* **Required work**
Using the listing below, retype exactly the lines starting at the one with "(\<Sum>l<?N. \<Sum>l'<?N. \<Sum>p\<in>UNIV." and ending at the one with "by (simp add: bil_def sum_distrib_left)", and include both.

----------

(* Let $S=\sum_{i=1}^r u_i^{\otimes 3}$ be a symmetric tensor in $\mathbb{C}^{n\times n\times n}$, where $u_1,\dots,u_r\in\mathbb{C}^n$ are pairwise orthogonal nonzero vectors. Then the slices of $S$ pairwise commute. Moreover, the following are equivalent: (i) all the $u_i$ are isotropic; (ii) the product of any two (possibly equal) slices of $S$ is the zero matrix. Consequently, if (i) holds, then in any other decomposition $S=\sum_{i=1}^q v_i^{\otimes 3}$ with $v_1,\dots,v_q$ pairwise orthogonal nonzero vectors, all the $v_i$ are isotropic.
   Context: The $k$-th slice of a symmetric tensor $S$ is $S_k=(S_{ijk})_{1\le i,j\le n}$. $\langle x,y\rangle=\sum_i x_iy_i$ on $\mathbb{C}^n$ (bilinear, non-Hermitian); $u,v$ are orthogonal if $\langle u,v\rangle=0$; a nonzero vector $v$ is isotropic if $\langle v,v\rangle=0$. *)

theory Defs
  imports "HOL-Analysis.Analysis"
begin

text \<open>Bilinear (non-Hermitian) form on C^n.\<close>
definition bil :: "complex ^ 'n \<Rightarrow> complex ^ 'n \<Rightarrow> complex" where
  "bil x y = (\<Sum>i\<in>UNIV. x $ i * y $ i)"

definition isotropic :: "complex ^ 'n \<Rightarrow> bool" where
  "isotropic v \<longleftrightarrow> v \<noteq> 0 \<and> bil v v = 0"

type_synonym 'n tensor3 = "'n \<Rightarrow> 'n \<Rightarrow> 'n \<Rightarrow> complex"

definition cube_sum :: "(complex ^ 'n) list \<Rightarrow> 'n tensor3" where
  "cube_sum us = (\<lambda>i j k. (\<Sum>l<length us. (us ! l) $ i * (us ! l) $ j * (us ! l) $ k))"

definition slice :: "'n tensor3 \<Rightarrow> 'n \<Rightarrow> complex ^ 'n ^ 'n" where
  "slice S k = (\<chi> i j. S i j k)"

definition pairwise_orth_nonzero :: "(complex ^ 'n) list \<Rightarrow> bool" where
  "pairwise_orth_nonzero us \<longleftrightarrow>
     (\<forall>l<length us. us ! l \<noteq> 0) \<and>
     (\<forall>l<length us. \<forall>m<length us. l \<noteq> m \<longrightarrow> bil (us ! l) (us ! m) = 0)"

end

theory Submission
  imports Defs
begin

text \<open>With \<open>q\<^sub>l = \<langle>u\<^sub>l, u\<^sub>l\<rangle>\<close>, orthogonality kills all cross terms in the product of two
slices: \<open>(S\<^sub>k S\<^sub>m)\<^sub>i\<^sub>j = \<Sum>\<^sub>l q\<^sub>l u\<^sub>l\<^sub>i u\<^sub>l\<^sub>k u\<^sub>l\<^sub>j u\<^sub>l\<^sub>m\<close>. This is symmetric in \<open>k, m\<close>, and it vanishes
when every \<open>q\<^sub>l\<close> does. Conversely, if all these products vanish, contracting the four free
indices with \<open>u\<^sub>l\<^sub>0\<close> leaves only the term \<open>q\<^sub>l\<^sub>0\<^sup>5\<close>, so \<open>u\<^sub>l\<^sub>0\<close> is isotropic. Since condition
(ii) depends only on \<open>S\<close>, it transfers to every other orthogonal decomposition of \<open>S\<close>.\<close>

lemma sum_orthogonal_diagonal:
  fixes N :: nat
  assumes "\<And>l l'. l < N \<Longrightarrow> l' < N \<Longrightarrow> l \<noteq> l' \<Longrightarrow> bil (a l) (a l') = 0"
  shows "(\<Sum>l<N. \<Sum>l'<N. f l l' * bil (a l) (a l')) = (\<Sum>l<N. f l l * bil (a l) (a l))"
proof (rule sum.cong[OF refl])
  fix l assume "l \<in> {..<N}"
  then show "(\<Sum>l'<N. f l l' * bil (a l) (a l')) = f l l * bil (a l) (a l)"
    using assms by (subst sum.mono_neutral_right[of _ "{l}"]) auto
qed

lemma bil_combination_eq_zero:
  assumes "\<And>j. (\<Sum>l\<in>A. c l * a l $ j) = 0"
  shows "(\<Sum>l\<in>A. c l * bil (a l) v) = 0"
proof -
  have "(\<Sum>l\<in>A. c l * bil (a l) v) = (\<Sum>j\<in>UNIV. v $ j * (\<Sum>l\<in>A. c l * a l $ j))"
    unfolding bil_def sum_distrib_left
    by (subst sum.swap) (simp add: mult_ac)
  also have "\<dots> = 0" using assms by simp
  finally show ?thesis .
qed

lemma slice_mult_cube_sum:
  assumes "\<And>l l'. l < length us \<Longrightarrow> l' < length us \<Longrightarrow> l \<noteq> l' \<Longrightarrow> bil (us ! l) (us ! l') = 0"
  shows "(slice (cube_sum us) k ** slice (cube_sum us) m) $ i $ j =
    (\<Sum>l<length us. us!l$i * us!l$k * us!l$j * us!l$m * bil (us!l) (us!l))"
proof -
  let ?a = "\<lambda>l. us ! l" and ?N = "length us"
  have "(slice (cube_sum us) k ** slice (cube_sum us) m) $ i $ j =
     (\<Sum>p\<in>UNIV. (\<Sum>l<?N. ?a l$i * ?a l$p * ?a l$k) * (\<Sum>l'<?N. ?a l'$p * ?a l'$j * ?a l'$m))"
    by (simp add: matrix_matrix_mult_def slice_def cube_sum_def)
  also have "\<dots> = (\<Sum>l<?N. \<Sum>l'<?N. \<Sum>p\<in>UNIV. (?a l$i * ?a l$k * ?a l'$j * ?a l'$m) * (?a l$p * ?a l'$p))"
    unfolding sum_product by (subst sum.swap, subst (2) sum.swap) (simp add: mult_ac)
  also have "\<dots> = (\<Sum>l<?N. \<Sum>l'<?N. (?a l$i * ?a l$k * ?a l'$j * ?a l'$m) * bil (?a l) (?a l'))"
    by (simp add: bil_def sum_distrib_left)
  also have "\<dots> = (\<Sum>l<?N. (?a l$i * ?a l$k * ?a l$j * ?a l$m) * bil (?a l) (?a l))"
    using assms by (rule sum_orthogonal_diagonal)
  finally show ?thesis by simp
qed

lemma slices_commute_cube_sum:
  assumes "pairwise_orth_nonzero us"
  shows "slice (cube_sum us) k ** slice (cube_sum us) m = slice (cube_sum us) m ** slice (cube_sum us) k"
  using assms by (simp add: vec_eq_iff slice_mult_cube_sum pairwise_orth_nonzero_def mult_ac)

lemma slice_products_zero_if_isotropic:
  assumes "pairwise_orth_nonzero us" and "\<forall>u\<in>set us. isotropic u"
  shows "slice (cube_sum us) k ** slice (cube_sum us) m = 0"
proof -
  have "bil (us!l) (us!l) = 0" if "l < length us" for l
    using assms(2) that by (auto simp: isotropic_def)
  with assms(1) show ?thesis
    by (simp add: vec_eq_iff slice_mult_cube_sum pairwise_orth_nonzero_def)
qed

lemma isotropic_if_slice_products_zero:
  assumes po: "pairwise_orth_nonzero us"
    and zero: "\<forall>k m. slice (cube_sum us) k ** slice (cube_sum us) m = 0"
    and "u \<in> set us"
  shows "isotropic u"
proof -
  obtain l0 where l0: "l0 < length us" "us ! l0 = u"
    using \<open>u \<in> set us\<close> by (auto simp: in_set_conv_nth)
  have orth: "\<And>l l'. l < length us \<Longrightarrow> l' < length us \<Longrightarrow> l \<noteq> l' \<Longrightarrow> bil (us ! l) (us ! l') = 0"
    using po by (simp add: pairwise_orth_nonzero_def)
  let ?a = "\<lambda>l. us ! l" and ?L = "{..<length us}"
  let ?q = "\<lambda>l. bil (?a l) (?a l)" and ?b = "\<lambda>l. bil (?a l) u"
  have moment4: "(\<Sum>l\<in>?L. ?q l * ?a l$i * ?a l$j * ?a l$k * ?a l$m) = 0" for i j k m
    using slice_mult_cube_sum[OF orth, of k m i j] zero by (simp add: mult_ac)
  have moment3: "(\<Sum>l\<in>?L. ?q l * ?a l$i * ?a l$j * ?a l$k * ?b l) = 0" for i j k
    by (rule bil_combination_eq_zero) (use moment4[of i j k] in \<open>simp add: mult_ac\<close>)
  have moment2: "(\<Sum>l\<in>?L. ?q l * ?a l$i * ?a l$j * ?b l * ?b l) = 0" for i j
    by (rule bil_combination_eq_zero) (use moment3[of i j] in \<open>simp add: mult_ac\<close>)
  have moment1: "(\<Sum>l\<in>?L. ?q l * ?a l$i * ?b l * ?b l * ?b l) = 0" for i
    by (rule bil_combination_eq_zero) (use moment2[of i] in \<open>simp add: mult_ac\<close>)
  have moment0: "(\<Sum>l\<in>?L. ?q l * ?b l * ?b l * ?b l * ?b l) = 0"
    by (rule bil_combination_eq_zero) (use moment1 in \<open>simp add: mult_ac\<close>)
  also have "(\<Sum>l\<in>?L. ?q l * ?b l * ?b l * ?b l * ?b l) = ?q l0 * ?b l0 * ?b l0 * ?b l0 * ?b l0"
    using orth l0 by (subst sum.mono_neutral_right[of _ "{l0}"]) auto
  finally have "bil u u ^ 5 = 0"
    using l0 by (simp add: eval_nat_numeral mult_ac)
  moreover have "u \<noteq> 0"
    using po l0 by (auto simp: pairwise_orth_nonzero_def)
  ultimately show "isotropic u" by (simp add: isotropic_def)
qed

theorem proposition28:
  fixes us :: "(complex ^ 'n) list"
  assumes "pairwise_orth_nonzero us"
  shows "(\<forall>k l. slice (cube_sum us) k ** slice (cube_sum us) l
                 = slice (cube_sum us) l ** slice (cube_sum us) k)
     \<and> ((\<forall>u\<in>set us. isotropic u) \<longleftrightarrow>
          (\<forall>k l. slice (cube_sum us) k ** slice (cube_sum us) l = 0))
     \<and> ((\<forall>u\<in>set us. isotropic u) \<longrightarrow>
          (\<forall>vs :: (complex ^ 'n) list. pairwise_orth_nonzero vs \<and> cube_sum vs = cube_sum us
              \<longrightarrow> (\<forall>v\<in>set vs. isotropic v)))"
proof -
  have iff: "(\<forall>u\<in>set ws. isotropic u) \<longleftrightarrow>
      (\<forall>k l. slice (cube_sum ws) k ** slice (cube_sum ws) l = 0)"
    if "pairwise_orth_nonzero ws" for ws :: "(complex ^ 'n) list"
    using that slice_products_zero_if_isotropic isotropic_if_slice_products_zero by blast
  show ?thesis
    using slices_commute_cube_sum[OF assms] iff[OF assms] iff by metis
qed

end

----------

* **Response area**
  also have "\<dots> = (\<Sum>l<?N. \<Sum>l'<?N. \<Sum>p\<in>UNIV. (?a l$i * ?a l$k * ?a l'$j * ?a l'$m) * (?a l$p * ?a l'$p))"
    unfolding sum_product by (subst sum.swap, subst (2) sum.swap) (simp add: mult_ac)
  also have "\<dots> = (\<Sum>l<?N. \<Sum>l'<?N. (?a l$i * ?a l$k * ?a l'$j * ?a l'$m) * bil (?a l) (?a l'))"
    by (simp add: bil_def sum_distrib_left)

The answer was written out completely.